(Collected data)
· · ·
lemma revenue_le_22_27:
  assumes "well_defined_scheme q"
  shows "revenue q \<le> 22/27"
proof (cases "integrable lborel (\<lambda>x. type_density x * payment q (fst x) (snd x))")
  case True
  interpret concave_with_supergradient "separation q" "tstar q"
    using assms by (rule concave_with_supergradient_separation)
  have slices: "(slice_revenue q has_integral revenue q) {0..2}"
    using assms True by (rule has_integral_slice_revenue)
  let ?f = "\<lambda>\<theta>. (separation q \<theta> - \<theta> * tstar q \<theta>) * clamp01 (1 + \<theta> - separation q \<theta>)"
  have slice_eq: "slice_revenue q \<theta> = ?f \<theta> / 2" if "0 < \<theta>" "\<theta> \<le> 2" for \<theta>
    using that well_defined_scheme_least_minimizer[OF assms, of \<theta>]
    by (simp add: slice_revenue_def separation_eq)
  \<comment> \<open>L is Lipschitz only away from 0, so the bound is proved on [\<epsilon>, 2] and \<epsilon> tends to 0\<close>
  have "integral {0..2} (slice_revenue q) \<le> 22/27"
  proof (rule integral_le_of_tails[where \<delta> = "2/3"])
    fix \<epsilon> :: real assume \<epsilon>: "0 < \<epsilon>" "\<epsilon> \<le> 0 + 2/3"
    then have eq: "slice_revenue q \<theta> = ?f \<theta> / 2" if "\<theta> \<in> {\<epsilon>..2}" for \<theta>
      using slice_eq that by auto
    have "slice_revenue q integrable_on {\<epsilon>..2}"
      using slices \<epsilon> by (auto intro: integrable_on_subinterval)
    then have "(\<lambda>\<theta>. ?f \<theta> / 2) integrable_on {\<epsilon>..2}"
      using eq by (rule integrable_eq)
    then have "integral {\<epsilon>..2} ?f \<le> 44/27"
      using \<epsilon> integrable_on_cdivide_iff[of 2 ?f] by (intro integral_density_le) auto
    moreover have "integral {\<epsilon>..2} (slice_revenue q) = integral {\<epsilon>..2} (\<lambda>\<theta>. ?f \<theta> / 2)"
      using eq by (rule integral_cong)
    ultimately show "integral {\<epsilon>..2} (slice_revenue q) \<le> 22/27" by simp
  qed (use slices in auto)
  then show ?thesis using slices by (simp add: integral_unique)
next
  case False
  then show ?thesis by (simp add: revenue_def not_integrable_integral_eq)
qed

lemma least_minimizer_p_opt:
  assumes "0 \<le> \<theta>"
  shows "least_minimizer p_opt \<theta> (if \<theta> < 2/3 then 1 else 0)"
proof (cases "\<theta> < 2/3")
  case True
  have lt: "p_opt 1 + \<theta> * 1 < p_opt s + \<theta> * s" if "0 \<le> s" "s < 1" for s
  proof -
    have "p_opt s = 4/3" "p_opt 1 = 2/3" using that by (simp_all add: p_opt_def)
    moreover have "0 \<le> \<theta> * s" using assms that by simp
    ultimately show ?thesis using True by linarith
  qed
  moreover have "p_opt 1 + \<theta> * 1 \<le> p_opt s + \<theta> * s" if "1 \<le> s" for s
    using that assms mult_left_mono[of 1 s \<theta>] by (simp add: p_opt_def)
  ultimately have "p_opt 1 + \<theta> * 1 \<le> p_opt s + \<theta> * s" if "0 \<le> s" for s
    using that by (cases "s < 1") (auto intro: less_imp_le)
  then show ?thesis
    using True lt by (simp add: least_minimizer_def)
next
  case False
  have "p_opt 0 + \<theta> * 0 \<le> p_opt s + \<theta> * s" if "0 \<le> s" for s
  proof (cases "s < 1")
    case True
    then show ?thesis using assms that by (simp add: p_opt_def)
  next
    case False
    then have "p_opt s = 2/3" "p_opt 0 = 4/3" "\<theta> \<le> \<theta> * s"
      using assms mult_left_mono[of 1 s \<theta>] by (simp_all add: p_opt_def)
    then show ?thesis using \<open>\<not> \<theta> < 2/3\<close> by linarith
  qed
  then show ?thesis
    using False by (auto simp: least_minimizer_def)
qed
· · ·
• **Exercise**: Print all the data above word for word.

• **Your response**:
lemma revenue_le_22_27:
  assumes "well_defined_scheme q"
  shows "revenue q \<le> 22/27"
proof (cases "integrable lborel (\<lambda>x. type_density x * payment q (fst x) (snd x))")
  case True
  interpret concave_with_supergradient "separation q" "tstar q"
    using assms by (rule concave_with_supergradient_separation)
  have slices: "(slice_revenue q has_integral revenue q) {0..2}"
    using assms True by (rule has_integral_slice_revenue)
  let ?f = "\<lambda>\<theta>. (separation q \<theta> - \<theta> * tstar q \<theta>) * clamp01 (1 + \<theta> - separation q \<theta>)"
  have slice_eq: "slice_revenue q \<theta> = ?f \<theta> / 2" if "0 < \<theta>" "\<theta> \<le> 2" for \<theta>
    using that well_defined_scheme_least_minimizer[OF assms, of \<theta>]
    by (simp add: slice_revenue_def separation_eq)
  \<comment> \<open>L is Lipschitz only away from 0, so the bound is proved on [\<epsilon>, 2] and \<epsilon> tends to 0\<close>
  have "integral {0..2} (slice_revenue q) \<le> 22/27"
  proof (rule integral_le_of_tails[where \<delta> = "2/3"])
    fix \<epsilon> :: real assume \<epsilon>: "0 < \<epsilon>" "\<epsilon> \<le> 0 + 2/3"
    then have eq: "slice_revenue q \<theta> = ?f \<theta> / 2" if "\<theta> \<in> {\<epsilon>..2}" for \<theta>
      using slice_eq that by auto
    have "slice_revenue q integrable_on {\<epsilon>..2}"
      using slices \<epsilon> by (auto intro: integrable_on_subinterval)
    then have "(\<lambda>\<theta>. ?f \<theta> / 2) integrable_on {\<epsilon>..2}"
      using eq by (rule integrable_eq)
    then have "integral {\<epsilon>..2} ?f \<le> 44/27"
      using \<epsilon> integrable_on_cdivide_iff[of 2 ?f] by (intro integral_density_le) auto
    moreover have "integral {\<epsilon>..2} (slice_revenue q) = integral {\<epsilon>..2} (\<lambda>\<theta>. ?f \<theta> / 2)"
      using eq by (rule integral_cong)
    ultimately show "integral {\<epsilon>..2} (slice_revenue q) \<le> 22/27" by simp
  qed (use slices in auto)
  then show ?thesis using slices by (simp add: integral_unique)
next
  case False
  then show ?thesis by (simp add: revenue_def not_integrable_integral_eq)
qed

lemma least_minimizer_p_opt:
  assumes "0 \<le> \<theta>"
  shows "least_minimizer p_opt \<theta> (if \<theta> < 2/3 then 1 else 0)"
proof (cases "\<theta> < 2/3")
  case True
  have lt: "p_opt 1 + \<theta> * 1 < p_opt s + \<theta> * s" if "0 \<le> s" "s < 1" for s
  proof -
    have "p_opt s = 4/3" "p_opt 1 = 2/3" using that by (simp_all add: p_opt_def)
    moreover have "0 \<le> \<theta> * s" using assms that by simp
    ultimately show ?thesis using True by linarith
  qed
  moreover have "p_opt 1 + \<theta> * 1 \<le> p_opt s + \<theta> * s" if "1 \<le> s" for s
    using that assms mult_left_mono[of 1 s \<theta>] by (simp add: p_opt_def)
  ultimately have "p_opt 1 + \<theta> * 1 \<le> p_opt s + \<theta> * s" if "0 \<le> s" for s
    using that by (cases "s < 1") (auto intro: less_imp_le)
  then show ?thesis
    using True lt by (simp add: least_minimizer_def)
next
  case False
  have "p_opt 0 + \<theta> * 0 \<le> p_opt s + \<theta> * s" if "0 \<le> s" for s
  proof (cases "s < 1")
    case True
    then show ?thesis using assms that by (simp add: p_opt_def)
  next
    case False
    then have "p_opt s = 2/3" "p_opt 0 = 4/3" "\<theta> \<le> \<theta> * s"
      using assms mult_left_mono[of 1 s \<theta>] by (simp_all add: p_opt_def)
    then show ?thesis using \<open>\<not> \<theta> < 2/3\<close> by linarith
  qed
  then show ?thesis
    using False by (auto simp: least_minimizer_def)
qed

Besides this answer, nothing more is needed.